BEGIN RECORDS TO USE

(* Let $X$ and $Y$ be random variables taking values in the finite sets $\mathcal{X}=\{1,\dots,M\}$ and $\mathcal{Y}=\{1,\dots,N\}$, with joint distribution $P_{XY}$. For $\varepsilon\in[\mathsf{P}_{\mathsf{c}}(X),\mathsf{P}_{\mathsf{c}}(X|Y)]$ define $$\mathcal{h}(\varepsilon)=\sup\left\{\mathsf{P}_{\mathsf{c}}(Y|Z)\;:\;P_{Z|Y},\ X - Y - Z,\ \mathsf{P}_{\mathsf{c}}(X|Z)\le\varepsilon\right\},$$ where the supremum is over all channels $P_{Z|Y}$ into a finite alphabet $\mathcal{Z}$ such that $X,Y,Z$ form a Markov chain $X - Y - Z$. Then $\mathcal{h}$ is piecewise linear on $[\mathsf{P}_{\mathsf{c}}(X),\mathsf{P}_{\mathsf{c}}(X|Y)]$: there exist an integer $K\ge 1$ and thresholds $\mathsf{P}_{\mathsf{c}}(X)=\varepsilon_0\le\varepsilon_1\le\dots\le\varepsilon_K=\mathsf{P}_{\mathsf{c}}(X|Y)$ such that $\mathcal{h}$ is linear (affine) on $[\varepsilon_{i-1},\varepsilon_i]$ for each $i=1,\dots,K$.
   Context: For a discrete random variable $X$, $\mathsf{P}_{\mathsf{c}}(X)=\max_x P_X(x)$ is the probability of correctly guessing $X$. For jointly distributed discrete $X,Z$, $\mathsf{P}_{\mathsf{c}}(X|Z)=\sum_{z}\max_{x}P_{XZ}(x,z)=\sum_z P_Z(z)\max_x P_{X|Z}(x|z)$ is the probability of correctly guessing $X$ from $Z$. $X - Y - Z$ means $X$ and $Z$ are conditionally independent given $Y$ (the channel $P_{Z|Y}$ acts on $Y$ only). *)

theory Defs
  imports Complex_Main
begin

text \<open>Alphabets: X in {1..M}, Y in {1..N}, Z in {1..L}.
  The joint pmf of (X,Y) is P x y; a channel P_{Z|Y} is W y z.
  Under the Markov chain X - Y - Z, P_{XYZ}(x,y,z) = P x y * W y z.\<close>

definition joint_pmf :: "nat \<Rightarrow> nat \<Rightarrow> (nat \<Rightarrow> nat \<Rightarrow> real) \<Rightarrow> bool" where
  "joint_pmf M N P \<longleftrightarrow> (\<forall>x\<in>{1..M}. \<forall>y\<in>{1..N}. P x y \<ge> 0)
     \<and> (\<Sum>x=1..M. \<Sum>y=1..N. P x y) = 1"

definition channel :: "nat \<Rightarrow> nat \<Rightarrow> (nat \<Rightarrow> nat \<Rightarrow> real) \<Rightarrow> bool" where
  "channel N L W \<longleftrightarrow> (\<forall>y\<in>{1..N}. (\<forall>z\<in>{1..L}. W y z \<ge> 0) \<and> (\<Sum>z=1..L. W y z) = 1)"

definition Pc_X :: "nat \<Rightarrow> nat \<Rightarrow> (nat \<Rightarrow> nat \<Rightarrow> real) \<Rightarrow> real" where
  "Pc_X M N P = Max ((\<lambda>x. \<Sum>y=1..N. P x y) ` {1..M})"

definition Pc_X_given_Y :: "nat \<Rightarrow> nat \<Rightarrow> (nat \<Rightarrow> nat \<Rightarrow> real) \<Rightarrow> real" where
  "Pc_X_given_Y M N P = (\<Sum>y=1..N. Max ((\<lambda>x. P x y) ` {1..M}))"

definition Pc_X_given_Z ::
  "nat \<Rightarrow> nat \<Rightarrow> (nat \<Rightarrow> nat \<Rightarrow> real) \<Rightarrow> nat \<Rightarrow> (nat \<Rightarrow> nat \<Rightarrow> real) \<Rightarrow> real" where
  "Pc_X_given_Z M N P L W = (\<Sum>z=1..L. Max ((\<lambda>x. \<Sum>y=1..N. P x y * W y z) ` {1..M}))"

definition Pc_Y_given_Z ::
  "nat \<Rightarrow> nat \<Rightarrow> (nat \<Rightarrow> nat \<Rightarrow> real) \<Rightarrow> nat \<Rightarrow> (nat \<Rightarrow> nat \<Rightarrow> real) \<Rightarrow> real" where
  "Pc_Y_given_Z M N P L W = (\<Sum>z=1..L. Max ((\<lambda>y. \<Sum>x=1..M. P x y * W y z) ` {1..N}))"

definition hfun :: "nat \<Rightarrow> nat \<Rightarrow> (nat \<Rightarrow> nat \<Rightarrow> real) \<Rightarrow> real \<Rightarrow> real" where
  "hfun M N P \<epsilon> = Sup {Pc_Y_given_Z M N P L W | L W.
      channel N L W \<and> Pc_X_given_Z M N P L W \<le> \<epsilon>}"

end

theory Submission
  imports Defs
begin

(* Relabelling every output of a channel P_{Z|Y} by its maximum a posteriori estimate of Y
   neither increases P_c(X|Z) nor changes P_c(Y|Z), so h(epsilon) is attained by channels W into
   {1..N}, decoded by the identity, whose success probability sum_y P_Y(y) W(y,y) is linear in W.
   The pairs (epsilon, t) achievable by such channels are the projection of a polyhedron in the
   variables epsilon, t, W and upper bounds for the maxima defining P_c(X|Z); by Fourier-Motzkin
   elimination this projection is again a polyhedron. Hence h(epsilon), the largest achievable t,
   is the minimum of finitely many affine functions of epsilon, and such a minimum is piecewise
   affine. *)

section \<open>Fourier-Motzkin elimination\<close>

definition lin_sat :: "'v set \<Rightarrow> (('v \<Rightarrow> real) \<times> real) set \<Rightarrow> ('v \<Rightarrow> real) \<Rightarrow> bool" where
  "lin_sat V C u \<longleftrightarrow> (\<forall>p\<in>C. (\<Sum>i\<in>V. fst p i * u i) \<le> snd p)"

lemma lin_sat_cong:
  assumes "\<And>i. i \<in> V \<Longrightarrow> u i = u' i"
  shows "lin_sat V C u = lin_sat V C u'"
  using assms unfolding lin_sat_def by (simp cong: sum.cong)

lemma lin_sat_Un: "lin_sat V (A \<union> B) u \<longleftrightarrow> lin_sat V A u \<and> lin_sat V B u"
  unfolding lin_sat_def by blast

lemma lin_sat_UN: "lin_sat V (\<Union>s\<in>S. A s) u \<longleftrightarrow> (\<forall>s\<in>S. lin_sat V (A s) u)"
  unfolding lin_sat_def by blast

lemma lin_sat_image:
  "lin_sat V (f ` S) u \<longleftrightarrow> (\<forall>s\<in>S. (\<Sum>i\<in>V. fst (f s) i * u i) \<le> snd (f s))"
  unfolding lin_sat_def by blast

lemma lin_sat_singleton: "lin_sat V {(c, d)} u \<longleftrightarrow> (\<Sum>i\<in>V. c i * u i) \<le> d"
  unfolding lin_sat_def by auto

definition lin_eq :: "('v \<Rightarrow> real) \<Rightarrow> real \<Rightarrow> (('v \<Rightarrow> real) \<times> real) set" where
  "lin_eq c d = {(c, d), (\<lambda>i. - c i, - d)}"

lemma lin_sat_lin_eq: "lin_sat V (lin_eq c d) u \<longleftrightarrow> (\<Sum>i\<in>V. c i * u i) = d"
  unfolding lin_sat_def lin_eq_def by (auto simp: sum_negf)

lemma sum_fun_upd_remove:
  assumes "finite V" "x \<in> V"
  shows "(\<Sum>i\<in>V. c i * (u(x := r)) i) = c x * r + (\<Sum>i\<in>V - {x}. c i * u i)"
proof -
  have "(\<Sum>i\<in>V - {x}. c i * (u(x := r)) i) = (\<Sum>i\<in>V - {x}. c i * u i)"
    by (rule sum.cong) auto
  then show ?thesis using assms by (simp add: sum.remove)
qed

definition fm_combine ::
  "'v \<Rightarrow> ('v \<Rightarrow> real) \<times> real \<Rightarrow> ('v \<Rightarrow> real) \<times> real \<Rightarrow> ('v \<Rightarrow> real) \<times> real" where
  "fm_combine x p q =
     ((\<lambda>i. - fst q x * fst p i + fst p x * fst q i), - fst q x * snd p + fst p x * snd q)"

definition fm_eliminate :: "'v \<Rightarrow> (('v \<Rightarrow> real) \<times> real) set \<Rightarrow> (('v \<Rightarrow> real) \<times> real) set" where
  "fm_eliminate x C = {p \<in> C. fst p x = 0}
     \<union> (\<lambda>(p, q). fm_combine x p q) ` ({p \<in> C. fst p x > 0} \<times> {q \<in> C. fst q x < 0})"

lemma finite_fm_eliminate: "finite C \<Longrightarrow> finite (fm_eliminate x C)"
  unfolding fm_eliminate_def by auto

lemma fm_eliminateE:
  assumes "p \<in> fm_eliminate x C"
  obtains "p \<in> C" "fst p x = 0"
  | p' q where "p' \<in> C" "fst p' x > 0" "q \<in> C" "fst q x < 0" "p = fm_combine x p' q"
  using assms unfolding fm_eliminate_def by auto

lemma sum_fm_combine:
  "(\<Sum>i\<in>V. fst (fm_combine x p q) i * u i)
     = - fst q x * (\<Sum>i\<in>V. fst p i * u i) + fst p x * (\<Sum>i\<in>V. fst q i * u i)"
  unfolding sum_distrib_left sum.distrib[symmetric]
  by (rule sum.cong) (simp_all add: fm_combine_def algebra_simps)

lemma lin_sat_fm_eliminate_if_extension:
  assumes "finite V" "x \<in> V" "lin_sat V C (u(x := r))"
  shows "lin_sat (V - {x}) (fm_eliminate x C) u"
proof -
  let ?s = "\<lambda>c. \<Sum>i\<in>V - {x}. c i * u i"
  have ineq: "fst p x * r + ?s (fst p) \<le> snd p" if "p \<in> C" for p
    using assms(3) that unfolding lin_sat_def sum_fun_upd_remove[OF assms(1,2)] by auto
  have "?s (fst (fm_combine x p q)) \<le> snd (fm_combine x p q)"
    if "p \<in> C" "fst p x > 0" "q \<in> C" "fst q x < 0" for p q
  proof -
    have "- fst q x * (fst p x * r + ?s (fst p)) \<le> - fst q x * snd p"
      using ineq that by (intro mult_left_mono) auto
    moreover have "fst p x * (fst q x * r + ?s (fst q)) \<le> fst p x * snd q"
      using ineq that by (intro mult_left_mono) auto
    ultimately show ?thesis
      unfolding sum_fm_combine by (simp add: fm_combine_def algebra_simps)
  qed
  moreover have "?s (fst p) \<le> snd p" if "p \<in> C" "fst p x = 0" for p
    using ineq[OF that(1)] that(2) by simp
  ultimately show ?thesis
    unfolding lin_sat_def by (blast elim: fm_eliminateE)
qed

lemma exists_between_finite:
  fixes A B :: "real set"
  assumes "finite A" "finite B" "\<forall>a\<in>A. \<forall>b\<in>B. a \<le> b"
  shows "\<exists>r. (\<forall>a\<in>A. a \<le> r) \<and> (\<forall>b\<in>B. r \<le> b)"
proof (cases "A = {}")
  case True
  then show ?thesis
    using assms by (cases "B = {}") (auto intro!: exI[of _ "Min B"])
next
  case False
  then show ?thesis using assms by (intro exI[of _ "Max A"]) auto
qed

END RECORDS TO USE

YOUR ASSIGNMENT - In the material above, show every line where the word "ineq" turns up.

COMPLETED TASK -
  have ineq: "fst p x * r + ?s (fst p) \<le> snd p" if "p \<in> C" for p
      using ineq that by (intro mult_left_mono) auto
      using ineq that by (intro mult_left_mono) auto
    using ineq[OF that(1)] that(2) by simp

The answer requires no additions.